Соловьева доставили в полк мертвым. При нем оказалась пачка немецких марок выпуска 1937 года, пистолет. И больше ничего. Так мы упустили еще один шанс, оборвалась еще одна ниточка.
7
Наши войска развивали наступление. Войска Первого украинского фронта продвинулись в глубину обороны противника на широком участке. Наш 889-й полк освободил город Владимир-Волынский. Успешные боевые действия полка, также дивизии были отмечены в приказе Верховного Главнокомандующего, дивизию представили к награде...
Мы получили шифровку. Халич Дмитрий Вавилович и Марина – она же Даниленко Анна Васильевна (учительница немецкого языка) перешли линию фронта на участке 862-го полка нашей дивизии.
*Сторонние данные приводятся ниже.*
(* Let $d$ be a non-negative integer, $Z$ a finite abelian group, $\mu$ the Haar probability measure on $\mathbb{T}^d\times Z$, and let $A,B\subset \mathbb{T}^d\times Z$ be closed sets. For a set $S\subset\mathbb{T}^d\times Z$ and positive integer $n$ let $S_n=S+\big([-\tfrac1n,\tfrac1n]^d\times\{0_Z\}\big)$. Then $\mu(A_n+B_n)\to\mu(A+B)$ as $n\to\infty$.
   Context: $\mathbb{T}=\mathbb{R}/\mathbb{Z}$, identified as a set with $[0,1)$. *)

theory Defs
  imports "HOL-Analysis.Analysis"
begin

text \<open>The circle T = R/Z is identified with [0,1). A point of T^d is an
  extensional function on {..<d} with values in [0,1) (undefined outside).\<close>

definition torus :: "nat \<Rightarrow> (nat \<Rightarrow> real) set" where
  "torus d = PiE {..<d} (\<lambda>_. {0..<1})"

text \<open>Quotient map R^d -> T^d (R^d represented as nat => real, only the first d
  coordinates matter).\<close>
definition tproj :: "nat \<Rightarrow> (nat \<Rightarrow> real) \<Rightarrow> (nat \<Rightarrow> real)" where
  "tproj d v = restrict (\<lambda>i. frac (v i)) {..<d}"

definition gadd :: "nat \<Rightarrow> (nat \<Rightarrow> real) \<times> 'z::ab_group_add \<Rightarrow> (nat \<Rightarrow> real) \<times> 'z \<Rightarrow> (nat \<Rightarrow> real) \<times> 'z" where
  "gadd d p q = (tproj d (\<lambda>i. fst p i + fst q i), snd p + snd q)"

definition sumset :: "nat \<Rightarrow> ((nat \<Rightarrow> real) \<times> 'z::ab_group_add) set \<Rightarrow> ((nat \<Rightarrow> real) \<times> 'z) set \<Rightarrow> ((nat \<Rightarrow> real) \<times> 'z) set" where
  "sumset d A B = {gadd d a b | a b. a \<in> A \<and> b \<in> B}"

definition box :: "nat \<Rightarrow> nat \<Rightarrow> ((nat \<Rightarrow> real) \<times> 'z::ab_group_add) set" where
  "box d n = {(tproj d e, 0) | e. \<forall>i<d. \<bar>e i\<bar> \<le> 1 / real n}"

definition thicken :: "nat \<Rightarrow> nat \<Rightarrow> ((nat \<Rightarrow> real) \<times> 'z::ab_group_add) set \<Rightarrow> ((nat \<Rightarrow> real) \<times> 'z) set" where
  "thicken d n S = sumset d S (box d n)"

text \<open>Closed subsets of T^d x Z (Z discrete): quotient topology, i.e. each fibre
  pulled back to R^d is closed (product topology on nat => real; only the
  first d coordinates are involved).\<close>
definition torus_closed :: "nat \<Rightarrow> ((nat \<Rightarrow> real) \<times> 'z) set \<Rightarrow> bool" where
  "torus_closed d A \<longleftrightarrow> A \<subseteq> torus d \<times> UNIV \<and>
     (\<forall>z. closed {v :: nat \<Rightarrow> real. (tproj d v, z) \<in> A})"

definition haar :: "nat \<Rightarrow> ((nat \<Rightarrow> real) \<times> 'z::finite) measure" where
  "haar d = (PiM {..<d} (\<lambda>_. restrict_space lborel {0..<1::real}))
              \<Otimes>\<^sub>M uniform_count_measure (UNIV :: 'z set)"

end

(*
  Up to the finite factor Z, closed subsets of T^d x Z are compact, so the sumset of two
  closed sets is closed: lifting its fibres to R^d, each one is the projection of a closed
  set along a compact cube.  The sets (A_n + B_n) decrease in n, and their intersection is
  A + B, because a point of every A_n + B_n lies within 2/n of the closed set A + B.
  Continuity from above of the finite Haar measure then gives the limit.
*)

theory Submission
  imports Defs "HOL-Probability.Probability"
begin

lemma compact_PiE_UNIV:
  fixes S :: "'i \<Rightarrow> 'a::topological_space set"
  assumes "\<And>i. compact (S i)"
  shows "compact (PiE UNIV S)"
  using compactin_PiE[of "\<lambda>_. euclidean" UNIV S] assms
  by (simp add: euclidean_product_topology)

lemma tendsto_componentwise_iff:
  fixes f :: "'a \<Rightarrow> 'i \<Rightarrow> 'b::topological_space"
  shows "(f \<longlongrightarrow> l) F \<longleftrightarrow> (\<forall>i. ((\<lambda>x. f x i) \<longlongrightarrow> l i) F)"
  using limitin_componentwise[of "\<lambda>_. euclidean" UNIV f l F]
  by (simp add: euclidean_product_topology)

lemma closed_fst_image_compact:
  fixes F :: "('a::topological_space \<times> 'b::topological_space) set"
  assumes "closed F" and "compact C"
  shows "closed (fst ` (F \<inter> UNIV \<times> C))"
proof -
  have top: "prod_topology euclidean (top_of_set C) = top_of_set (UNIV \<times> C)"
    by (simp add: prod_topology_subtopology(2))
  have "closed_map (top_of_set (UNIV \<times> C)) euclidean fst"
    using closed_map_fst[of "top_of_set C" euclidean] assms(2)
    by (simp add: top compact_space_subtopology)
  moreover have "closedin (top_of_set (UNIV \<times> C)) (F \<inter> UNIV \<times> C)"
    using assms(1) by (metis closedin_closed_Int Int_commute)
  ultimately show ?thesis
    unfolding closed_map_def closed_closedin by (elim allE impE)
qed

lemma closed_componentwise_approx:
  fixes F :: "('i \<Rightarrow> real) set"
  assumes "closed F" and "\<And>n. w n \<in> F" and "\<And>n i. \<bar>w n i - x i\<bar> \<le> c / real (Suc n)"
  shows "x \<in> F"
proof -
  have "w \<longlonglongrightarrow> x"
    unfolding tendsto_componentwise_iff
  proof
    fix i
    have "(\<lambda>n. c / real (Suc n)) \<longlonglongrightarrow> 0"
      by (rule LIMSEQ_Suc[OF lim_const_over_n])
    then have "(\<lambda>n. w n i - x i) \<longlonglongrightarrow> 0"
      by (rule Lim_null_comparison[rotated]) (use assms(3) in \<open>auto intro: always_eventually\<close>)
    then show "(\<lambda>n. w n i) \<longlonglongrightarrow> x i"
      by (rule LIM_zero_cancel)
  qed
  then show ?thesis
    using assms(1,2) closed_sequentially by blast
qed

lemma frac_eq_iff: "frac x = frac y \<longleftrightarrow> x - y \<in> \<int>"
proof -
  have "frac x = frac y \<longleftrightarrow> x - frac y \<in> \<int>"
    by (simp add: frac_unique_iff frac_lt_1)
  also have "x - frac y = (x - y) + of_int \<lfloor>y\<rfloor>"
    by (simp add: frac_def)
  finally show ?thesis
    by (metis Ints_add Ints_diff Ints_of_int add_diff_cancel_right')
qed

lemma tproj_eq_iff: "tproj d v = tproj d w \<longleftrightarrow> (\<forall>i<d. v i - w i \<in> \<int>)"
proof -
  have "tproj d v = tproj d w \<longleftrightarrow> (\<forall>i<d. frac (v i) = frac (w i))"
    unfolding tproj_def by (auto simp: restrict_def fun_eq_iff split: if_splits)
  then show ?thesis
    by (simp add: frac_eq_iff)
qed

definition cube :: "real \<Rightarrow> (nat \<Rightarrow> real) set" where
  "cube r = {x. \<forall>i. \<bar>x i\<bar> \<le> r}"

lemma compact_cube: "compact (cube r)"
proof -
  have "cube r = PiE UNIV (\<lambda>_. {-r..r})"
    by (auto simp: cube_def PiE_UNIV_domain Pi_iff abs_le_iff minus_le_iff)
  then show ?thesis
    by (simp add: compact_PiE_UNIV)
qed

lemma ex_cube_tproj_eq:
  assumes "0 \<le> r" and "\<And>i. i < d \<Longrightarrow> \<bar>x i\<bar> \<le> r"
  shows "\<exists>y\<in>cube r. tproj d y = tproj d x"
proof
  show "(\<lambda>i. if i < d then x i else 0) \<in> cube r"
    using assms by (simp add: cube_def)
qed (simp add: tproj_eq_iff)

lemma tproj_in_torus: "tproj d v \<in> torus d"
  by (auto simp: tproj_def torus_def frac_lt_1)

lemma tproj_torus: "x \<in> torus d \<Longrightarrow> tproj d x = x"
  by (fastforce simp: tproj_def torus_def PiE_def extensional_def restrict_def fun_eq_iff Pi_def)

lemma torus_subset_tproj_cube: "torus d \<subseteq> tproj d ` cube 1"
proof
  fix p assume p: "p \<in> torus d"
  then have "\<bar>p i\<bar> \<le> 1" if "i < d" for i
    using that by (auto simp: torus_def PiE_def Pi_def)
  then show "p \<in> tproj d ` cube 1"
    using ex_cube_tproj_eq[of 1 d p] tproj_torus[OF p] by (auto simp: image_iff)
qed

lemma tproj_add_tproj: "tproj d (\<lambda>i. tproj d u i + tproj d v i) = tproj d (\<lambda>i. u i + v i)"
  unfolding tproj_eq_iff
proof (intro allI impI)
  fix i assume "i < d"
  then have "tproj d u i + tproj d v i - (u i + v i) = - of_int (\<lfloor>u i\<rfloor> + \<lfloor>v i\<rfloor>)"
    by (simp add: tproj_def frac_def)
  then show "tproj d u i + tproj d v i - (u i + v i) \<in> \<int>"
    by simp
qed

lemma gadd_tproj: "gadd d (tproj d x, y) (tproj d x', y') = (tproj d (\<lambda>i. x i + x' i), y + y')"
  by (simp add: gadd_def tproj_add_tproj)

definition fibre :: "nat \<Rightarrow> ((nat \<Rightarrow> real) \<times> 'z) set \<Rightarrow> 'z \<Rightarrow> (nat \<Rightarrow> real) set" where
  "fibre d S z = {v. (tproj d v, z) \<in> S}"

lemma torus_closed_iff:
  "torus_closed d S \<longleftrightarrow> S \<subseteq> torus d \<times> UNIV \<and> (\<forall>z. closed (fibre d S z))"
  by (simp add: torus_closed_def fibre_def)

lemma closed_vimage_tproj_image:
  fixes g :: "'a::topological_space \<Rightarrow> nat \<Rightarrow> real"
  assumes "compact C" and "continuous_on UNIV g"
  shows "closed (tproj d -` (\<lambda>c. tproj d (g c)) ` C)"
proof -
  let ?R = "\<Inter>i<d. {p :: (nat \<Rightarrow> real) \<times> 'a. fst p i - g (snd p) i \<in> \<int>}"
  have "continuous_on UNIV (\<lambda>p :: (nat \<Rightarrow> real) \<times> 'a. fst p i - g (snd p) i)" for i
  proof (rule continuous_on_diff)
    show "continuous_on UNIV (\<lambda>p :: (nat \<Rightarrow> real) \<times> 'a. fst p i)"
      by (rule continuous_on_product_then_coordinatewise[OF continuous_on_fst[OF continuous_on_id]])
    show "continuous_on UNIV (\<lambda>p :: (nat \<Rightarrow> real) \<times> 'a. g (snd p) i)"
      by (rule continuous_on_product_then_coordinatewise[OF continuous_on_compose2[OF assms(2)
            continuous_on_snd[OF continuous_on_id]]]) simp
  qed
  then have "closed ?R"
    using continuous_closed_preimage[OF _ closed_UNIV closed_Ints] by (auto simp: vimage_def)
  moreover have "tproj d -` (\<lambda>c. tproj d (g c)) ` C = fst ` (?R \<inter> UNIV \<times> C)"
  proof (intro equalityI subsetI)
    fix v assume "v \<in> tproj d -` (\<lambda>c. tproj d (g c)) ` C"
    then obtain c where "c \<in> C" "tproj d v = tproj d (g c)"
      by auto
    then show "v \<in> fst ` (?R \<inter> UNIV \<times> C)"
      by (intro image_eqI[of _ _ "(v, c)"]) (auto simp: tproj_eq_iff)
  next
    fix v assume "v \<in> fst ` (?R \<inter> UNIV \<times> C)"
    then obtain c where "c \<in> C" "tproj d v = tproj d (g c)"
      by (auto simp: tproj_eq_iff)
    then show "v \<in> tproj d -` (\<lambda>c. tproj d (g c)) ` C"
      by auto
  qed
  ultimately show ?thesis
    using closed_fst_image_compact[OF _ assms(1)] by simp
qed

lemma torus_closed_box: "torus_closed d (box d n)"
  unfolding torus_closed_iff
proof (intro conjI allI)
  show "box d n \<subseteq> torus d \<times> UNIV"
    by (auto simp: box_def tproj_in_torus)
  fix z
  have box_eq: "{tproj d e |e. \<forall>i<d. \<bar>e i\<bar> \<le> 1 / real n} = tproj d ` cube (1 / real n)"
  proof (intro equalityI subsetI)
    fix p assume "p \<in> {tproj d e |e. \<forall>i<d. \<bar>e i\<bar> \<le> 1 / real n}"
    then obtain e where e: "\<forall>i<d. \<bar>e i\<bar> \<le> 1 / real n" "p = tproj d e"
      by blast
    obtain c where "c \<in> cube (1 / real n)" "tproj d c = tproj d e"
      using ex_cube_tproj_eq[of "1 / real n" d e] e(1) by auto
    then show "p \<in> tproj d ` cube (1 / real n)"
      using e(2) by (metis image_eqI)
  qed (auto simp: cube_def)
  have "fibre d (box d n) z
      = (if z = 0 then tproj d -` {tproj d e |e. \<forall>i<d. \<bar>e i\<bar> \<le> 1 / real n} else {})"
    by (auto simp: fibre_def box_def)
  then show "closed (fibre d (box d n) z)"
    using closed_vimage_tproj_image[OF compact_cube continuous_on_id] by (simp add: box_eq)
qed

lemma sumset_subset_torus: "sumset d A B \<subseteq> torus d \<times> UNIV"
  by (auto simp: sumset_def gadd_def tproj_in_torus)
Через нашего агента были задержаны западнее города Львова, переданы в штаб партизанского отряда. Имели задание от националистического центра уничтожать офицерский состав Красной Армии, связи с немецкой агентурой не обнаружены. Дело по их розыску закрыть...
Потапов шел к капитану Обухову. Настроение было неважное. Его хотели отозвать обратно по месту службы – в СМЕРШ фронта, наверное, посчитали, что тут из него толку мало. Едва упросил оставить до конца операции «Сокол». Помог генерал Данилевский, хотя и оборвал его тогда, не дал высказать соображения. Потапов побывал у генерала еще раз, изложил все, что думал. Было совершенно очевидно: Соловьев – пешка в этой игре, исполнитель. Существует матерый агент, возможно, Егоров. Данилевский усомнился, но разрешение на проверку дал, сказал в напутствие:
– Постарайтесь не скомпрометировать, отвечаете персонально...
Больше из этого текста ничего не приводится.